===== Records to process
lemma averaged_linear_on: "linear_on Y00 \<Omega> \<Longrightarrow> linear_on Y00 averaged"
  unfolding linear_on_def using averaged_lincomb by blast

lemma averaged_equivariant: "G_equivariant_map G U v Y00 averaged"
  unfolding G_equivariant_map_def
proof (intro ballI)
  fix h y assume h: "h \<in> carrier G" and y: "y \<in> Y00"
  obtain c where c: "\<iota> c = U h (\<Omega> y) - U \<one> (\<Omega> (v h y))"
    using centralizer_correction[OF h y] .
  have "weak_star_mean m (\<lambda>g. defect g (v h y)) = weak_star_mean m (\<lambda>g. defect (h \<otimes> g) (v h y))"
    using weak_star_mean_translate[OF mean h bounded_defect[OF Y00_invariant[OF h y]]] by simp
  also have "\<dots> = weak_star_mean m (\<lambda>g. u h (defect g y) + c)"
  proof (rule weak_star_mean_cong[OF mean])
    show "bounded ((\<lambda>g. defect (h \<otimes> g) (v h y)) ` carrier G)"
      using h by (intro bounded_subset[OF bounded_defect[OF Y00_invariant[OF h y]]]) auto
  qed (use h y c in \<open>simp add: defect_translate\<close>)
  finally have "P (weak_star_mean m (\<lambda>g. defect g (v h y))) = u h (P (weak_star_mean m (\<lambda>g. defect g y))) + c"
    using h y by (simp add: P_weak_star_mean_affine bounded_defect)
  then show "U h (averaged y) = averaged (v h y)"
    unfolding averaged_def using h c
    by (simp add: v_one_left \<Omega>_zero U_linear linear_add linear_diff linear_0 U_one_right U_embed \<iota>_linear)
qed

lemma \<Omega>_minus_averaged:
  "\<Omega> y - averaged y
    = (\<Omega> y - \<Omega> (y - v \<one> y) - \<Omega> (v \<one> y)) - U \<one> (\<Omega> y - \<Omega> (y - v \<one> y) - \<Omega> (v \<one> y))
      - (U \<one> (\<Omega> (v \<one> y)) - \<Omega> (v \<one> y)) - \<iota> (P (weak_star_mean m (\<lambda>g. defect g y)))"
  unfolding averaged_def by (simp add: linear_diff U_linear)

lemma averaged_bounded_distance: "bounded_distance \<iota> Y00 \<Omega> averaged"
proof -
  obtain Ku where Ku: "0 \<le> Ku" "\<And>g. g \<in> carrier G \<Longrightarrow> norm (u g) \<le> Ku"
    using norm_u_bound by blast
  obtain Kv where Kv: "0 \<le> Kv" "\<And>g. g \<in> carrier G \<Longrightarrow> norm (v g) \<le> Kv"
    using norm_v_bound by blast
  obtain C0 where C0: "0 \<le> C0" "\<And>y y'. y \<in> Y00 \<Longrightarrow> y' \<in> Y00 \<Longrightarrow>
      in_X_le \<iota> (\<Omega> (y + y') - \<Omega> y - \<Omega> y') (C0 * (norm y + norm y'))"
    using quasi_additive_bound by blast
  obtain Cc where Cc: "0 \<le> Cc" "\<And>g y. g \<in> carrier G \<Longrightarrow> y \<in> Y00 \<Longrightarrow>
      in_X_le \<iota> (U g (\<Omega> y) - \<Omega> (v g y)) (Cc * norm y)"
    using centralizer_bound by blast
  obtain Cd where Cd: "0 \<le> Cd" "\<And>g y. g \<in> carrier G \<Longrightarrow> y \<in> Y00 \<Longrightarrow> norm (defect g y) \<le> Cd * norm y"
    using norm_defect_bound by blast
  have "in_X_le \<iota> (\<Omega> y - averaged y) ((C0 * (1 + 2 * Kv) * (1 + Ku) + Cc * Kv + norm P * Cd) * norm y)"
    if y: "y \<in> Y00" for y
  proof -
    define b where "b = v \<one> y"
    define a where "a = y - b"
    have ab: "a \<in> Y00" "b \<in> Y00" "a + b = y" "v \<one> b = b"
      using y Y00_subspace Y00_invariant[of \<one> y] v_one_left[of \<one> y]
      by (simp_all add: a_def b_def subspace_diff)
    have norm_b: "norm b \<le> Kv * norm y"
      unfolding b_def using norm_blinfun[of "v \<one>" y] mult_right_mono[OF Kv(2), of \<one> "norm y"]
      by simp
    have "norm a + norm b \<le> (1 + 2 * Kv) * norm y"
      using norm_triangle_ineq4[of y b] norm_b unfolding a_def by (simp add: algebra_simps)
    then have q1: "in_X_le \<iota> (\<Omega> y - \<Omega> a - \<Omega> b) (C0 * ((1 + 2 * Kv) * norm y))"
      using C0(2)[OF ab(1,2)] ab(3) C0(1) by (auto elim: in_X_le_mono intro: mult_left_mono)
    have q2: "in_X_le \<iota> (U \<one> (\<Omega> b) - \<Omega> b) (Cc * (Kv * norm y))"
      using Cc(2)[of \<one> b] ab(2,4) Cc(1) norm_b by (auto elim: in_X_le_mono intro: mult_left_mono)
    have "norm (P (weak_star_mean m (\<lambda>g. defect g y))) \<le> norm P * (Cd * norm y)"
      using Cd y by (intro order_trans[OF norm_blinfun] mult_left_mono norm_weak_star_mean_le[OF mean]) auto
    then have q3: "in_X_le \<iota> (\<iota> (P (weak_star_mean m (\<lambda>g. defect g y)))) (norm P * (Cd * norm y))"
      unfolding in_X_le_def by blast
    have "\<Omega> y - averaged y = (\<Omega> y - \<Omega> a - \<Omega> b) - U \<one> (\<Omega> y - \<Omega> a - \<Omega> b) - (U \<one> (\<Omega> b) - \<Omega> b)
        - \<iota> (P (weak_star_mean m (\<lambda>g. defect g y)))"
      unfolding a_def b_def by (rule \<Omega>_minus_averaged)
    also have "in_X_le \<iota> \<dots> (C0 * ((1 + 2 * Kv) * norm y) + Ku * (C0 * ((1 + 2 * Kv) * norm y))
        + Cc * (Kv * norm y) + norm P * (Cd * norm y))"
      by (intro in_X_le_diff[OF \<iota>_linear] in_X_le_map[where \<iota> = \<iota> and T = "U \<one>" and S = "u \<one>"]
          q1 q2 q3 U_embed Ku(2)) simp_all
    finally show ?thesis
      by (simp add: algebra_simps)
  qed
  then show ?thesis
    unfolding bounded_distance_def by blast
qed

lemma averaged_quasi_linear: "quasi_linear \<iota> Y00 averaged"
  using \<iota>_linear Y00_subspace averaged_homogeneous quasi averaged_bounded_distance
  by (rule bounded_distance_quasi_linear)

end

theorem mainTheorem2:
  fixes G :: "('g, 'b) monoid_scheme"
    and u :: "'g \<Rightarrow> ('x::banach \<Rightarrow>\<^sub>L 'x)"
    and v :: "'g \<Rightarrow> ('y::banach \<Rightarrow>\<^sub>L 'y)"
    and \<iota> :: "'x \<Rightarrow> 'z::real_vector"
    and U :: "'g \<Rightarrow> 'z \<Rightarrow> 'z"
    and Y00 :: "'y set"
    and \<Omega> :: "'y \<Rightarrow> 'z"
  assumes "amenable G"
    and "G_space G u" and "G_space G v"
    and "G_complemented_in_bidual G u"
    and "extended_action G u \<iota> U"
    and "admissible_domain G v Y00"
    and "quasi_linear \<iota> Y00 \<Omega>"
    and "G_centralizer G \<iota> U v Y00 \<Omega>"
  shows "(\<exists>\<omega>. quasi_linear \<iota> Y00 \<omega> \<and> G_equivariant_map G U v Y00 \<omega> \<and> bounded_distance \<iota> Y00 \<Omega> \<omega>)
       \<and> (linear_on Y00 \<Omega> \<longrightarrow>
          (\<exists>\<omega>. quasi_linear \<iota> Y00 \<omega> \<and> linear_on Y00 \<omega> \<and> G_equivariant_map G U v Y00 \<omega>
               \<and> bounded_distance \<iota> Y00 \<Omega> \<omega>))"
proof -
  obtain m where "group G" and "left_invariant_mean G m"
    using assms(1) unfolding amenable_def by blast
  moreover obtain P :: "(('x \<Rightarrow>\<^sub>L real) \<Rightarrow>\<^sub>L real) \<Rightarrow>\<^sub>L 'x" where "\<And>x. P (bidual_embed x) = x"
    and "\<And>g. g \<in> carrier G \<Longrightarrow> P o\<^sub>L dual_map (dual_map (u g)) = u g o\<^sub>L P"
    using assms(4) unfolding G_complemented_in_bidual_def by blast
  ultimately interpret amenable_averaging G m u v \<iota> U Y00 \<Omega> P
    using assms(2,3,5-8) unfolding admissible_domain_def
    by (intro amenable_averaging.intro amenable_averaging_axioms.intro) auto
  show ?thesis
    using averaged_quasi_linear averaged_linear_on averaged_equivariant averaged_bounded_distance by blast
qed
==========
Requirement
When the word "blast" occurs in a line above, list that line.

Written solution
  unfolding linear_on_def using averaged_lincomb by blast
    using norm_u_bound by blast
    using norm_v_bound by blast
    using quasi_additive_bound by blast
    using centralizer_bound by blast
    using norm_defect_bound by blast
      unfolding in_X_le_def by blast
    unfolding bounded_distance_def by blast
    using assms(1) unfolding amenable_def by blast
    using assms(4) unfolding G_complemented_in_bidual_def by blast
    using averaged_quasi_linear averaged_linear_on averaged_equivariant averaged_bounded_distance by blast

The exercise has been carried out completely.